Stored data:
▬▬▬

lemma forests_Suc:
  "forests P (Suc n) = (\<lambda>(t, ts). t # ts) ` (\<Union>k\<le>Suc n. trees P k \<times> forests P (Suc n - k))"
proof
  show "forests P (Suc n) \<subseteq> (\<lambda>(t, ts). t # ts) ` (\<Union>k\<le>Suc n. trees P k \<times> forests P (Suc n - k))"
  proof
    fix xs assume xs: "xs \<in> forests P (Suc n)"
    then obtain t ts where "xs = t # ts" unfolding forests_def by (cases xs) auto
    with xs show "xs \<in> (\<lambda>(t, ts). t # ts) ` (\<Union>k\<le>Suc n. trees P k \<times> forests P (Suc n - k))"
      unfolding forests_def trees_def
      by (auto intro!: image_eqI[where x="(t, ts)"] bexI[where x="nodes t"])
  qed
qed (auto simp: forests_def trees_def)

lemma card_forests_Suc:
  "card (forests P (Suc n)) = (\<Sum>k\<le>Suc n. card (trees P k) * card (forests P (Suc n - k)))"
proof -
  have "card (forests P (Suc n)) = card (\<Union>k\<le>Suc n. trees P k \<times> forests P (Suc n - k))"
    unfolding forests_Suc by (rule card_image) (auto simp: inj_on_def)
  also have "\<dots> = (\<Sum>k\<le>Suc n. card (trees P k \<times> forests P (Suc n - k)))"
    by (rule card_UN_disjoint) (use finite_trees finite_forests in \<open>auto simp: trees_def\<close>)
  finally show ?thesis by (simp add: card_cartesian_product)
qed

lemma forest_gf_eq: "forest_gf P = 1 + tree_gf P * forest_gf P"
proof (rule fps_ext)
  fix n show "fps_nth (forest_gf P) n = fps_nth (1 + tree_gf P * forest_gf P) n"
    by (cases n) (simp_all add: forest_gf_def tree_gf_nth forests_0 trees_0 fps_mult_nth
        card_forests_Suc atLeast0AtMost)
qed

▬▬▬

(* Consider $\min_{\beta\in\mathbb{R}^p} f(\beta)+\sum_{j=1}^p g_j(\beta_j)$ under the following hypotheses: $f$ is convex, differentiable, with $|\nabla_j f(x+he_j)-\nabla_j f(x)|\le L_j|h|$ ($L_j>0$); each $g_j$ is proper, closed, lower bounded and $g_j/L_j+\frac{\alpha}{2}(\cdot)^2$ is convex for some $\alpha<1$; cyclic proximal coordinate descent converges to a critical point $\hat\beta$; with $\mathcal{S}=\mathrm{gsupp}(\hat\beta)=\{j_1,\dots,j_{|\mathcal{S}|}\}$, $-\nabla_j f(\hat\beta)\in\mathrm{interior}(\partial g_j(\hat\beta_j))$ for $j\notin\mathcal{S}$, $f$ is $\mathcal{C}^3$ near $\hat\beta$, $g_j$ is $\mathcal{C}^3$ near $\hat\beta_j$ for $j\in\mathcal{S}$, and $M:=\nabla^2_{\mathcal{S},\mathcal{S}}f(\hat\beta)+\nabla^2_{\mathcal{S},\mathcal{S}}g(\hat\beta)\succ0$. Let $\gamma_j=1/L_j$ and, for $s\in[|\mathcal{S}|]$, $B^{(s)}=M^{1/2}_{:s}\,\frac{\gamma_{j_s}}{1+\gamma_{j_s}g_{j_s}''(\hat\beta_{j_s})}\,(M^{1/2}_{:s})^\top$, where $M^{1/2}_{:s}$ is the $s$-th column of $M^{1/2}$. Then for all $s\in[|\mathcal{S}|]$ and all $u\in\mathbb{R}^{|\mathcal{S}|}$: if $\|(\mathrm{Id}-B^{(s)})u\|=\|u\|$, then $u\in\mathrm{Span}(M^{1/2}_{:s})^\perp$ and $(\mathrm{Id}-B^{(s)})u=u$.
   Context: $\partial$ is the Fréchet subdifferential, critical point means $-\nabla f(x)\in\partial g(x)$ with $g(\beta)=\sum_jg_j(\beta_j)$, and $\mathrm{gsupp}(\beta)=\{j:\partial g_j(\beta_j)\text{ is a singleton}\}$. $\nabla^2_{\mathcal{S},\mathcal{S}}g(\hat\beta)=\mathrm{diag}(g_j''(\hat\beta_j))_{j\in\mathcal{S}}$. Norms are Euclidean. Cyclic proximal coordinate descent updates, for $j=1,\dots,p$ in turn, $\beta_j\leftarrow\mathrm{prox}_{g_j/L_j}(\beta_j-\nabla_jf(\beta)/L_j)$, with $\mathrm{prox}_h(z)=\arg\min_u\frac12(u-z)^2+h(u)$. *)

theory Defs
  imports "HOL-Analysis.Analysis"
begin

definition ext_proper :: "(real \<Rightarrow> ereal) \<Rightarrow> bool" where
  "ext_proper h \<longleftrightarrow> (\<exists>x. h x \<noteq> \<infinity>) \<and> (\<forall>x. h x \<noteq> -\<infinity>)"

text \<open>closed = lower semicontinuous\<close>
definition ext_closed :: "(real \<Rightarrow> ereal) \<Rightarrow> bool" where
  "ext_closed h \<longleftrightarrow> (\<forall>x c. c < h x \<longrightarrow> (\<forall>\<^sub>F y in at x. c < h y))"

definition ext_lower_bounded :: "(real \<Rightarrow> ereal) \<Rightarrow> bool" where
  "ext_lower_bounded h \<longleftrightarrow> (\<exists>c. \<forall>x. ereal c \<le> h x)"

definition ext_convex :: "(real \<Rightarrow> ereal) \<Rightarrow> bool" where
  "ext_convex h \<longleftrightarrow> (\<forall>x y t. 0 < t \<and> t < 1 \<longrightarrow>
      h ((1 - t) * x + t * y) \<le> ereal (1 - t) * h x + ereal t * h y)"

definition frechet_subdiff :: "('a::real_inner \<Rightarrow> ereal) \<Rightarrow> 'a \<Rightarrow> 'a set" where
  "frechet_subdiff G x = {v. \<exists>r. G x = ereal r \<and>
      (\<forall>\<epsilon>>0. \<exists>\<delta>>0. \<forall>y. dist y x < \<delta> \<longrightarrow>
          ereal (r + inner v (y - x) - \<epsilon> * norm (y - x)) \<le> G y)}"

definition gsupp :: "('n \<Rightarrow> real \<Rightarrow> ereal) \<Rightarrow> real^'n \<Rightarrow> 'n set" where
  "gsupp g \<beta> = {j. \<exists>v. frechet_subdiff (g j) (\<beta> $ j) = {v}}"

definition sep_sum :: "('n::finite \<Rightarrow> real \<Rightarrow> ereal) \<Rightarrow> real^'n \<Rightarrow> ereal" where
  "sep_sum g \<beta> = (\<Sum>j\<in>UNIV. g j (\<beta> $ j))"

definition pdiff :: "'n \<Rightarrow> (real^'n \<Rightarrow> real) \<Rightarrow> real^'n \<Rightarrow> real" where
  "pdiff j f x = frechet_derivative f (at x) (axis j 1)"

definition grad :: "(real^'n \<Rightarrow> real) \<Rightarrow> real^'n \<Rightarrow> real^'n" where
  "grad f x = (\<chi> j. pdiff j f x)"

▬▬▬

## TASK DESCRIPTION
All lines above with the word "then" need to be reported.

## REPLY
    then obtain t ts where "xs = t # ts" unfolding forests_def by (cases xs) auto
(* Consider $\min_{\beta\in\mathbb{R}^p} f(\beta)+\sum_{j=1}^p g_j(\beta_j)$ under the following hypotheses: $f$ is convex, differentiable, with $|\nabla_j f(x+he_j)-\nabla_j f(x)|\le L_j|h|$ ($L_j>0$); each $g_j$ is proper, closed, lower bounded and $g_j/L_j+\frac{\alpha}{2}(\cdot)^2$ is convex for some $\alpha<1$; cyclic proximal coordinate descent converges to a critical point $\hat\beta$; with $\mathcal{S}=\mathrm{gsupp}(\hat\beta)=\{j_1,\dots,j_{|\mathcal{S}|}\}$, $-\nabla_j f(\hat\beta)\in\mathrm{interior}(\partial g_j(\hat\beta_j))$ for $j\notin\mathcal{S}$, $f$ is $\mathcal{C}^3$ near $\hat\beta$, $g_j$ is $\mathcal{C}^3$ near $\hat\beta_j$ for $j\in\mathcal{S}$, and $M:=\nabla^2_{\mathcal{S},\mathcal{S}}f(\hat\beta)+\nabla^2_{\mathcal{S},\mathcal{S}}g(\hat\beta)\succ0$. Let $\gamma_j=1/L_j$ and, for $s\in[|\mathcal{S}|]$, $B^{(s)}=M^{1/2}_{:s}\,\frac{\gamma_{j_s}}{1+\gamma_{j_s}g_{j_s}''(\hat\beta_{j_s})}\,(M^{1/2}_{:s})^\top$, where $M^{1/2}_{:s}$ is the $s$-th column of $M^{1/2}$. Then for all $s\in[|\mathcal{S}|]$ and all $u\in\mathbb{R}^{|\mathcal{S}|}$: if $\|(\mathrm{Id}-B^{(s)})u\|=\|u\|$, then $u\in\mathrm{Span}(M^{1/2}_{:s})^\perp$ and $(\mathrm{Id}-B^{(s)})u=u$.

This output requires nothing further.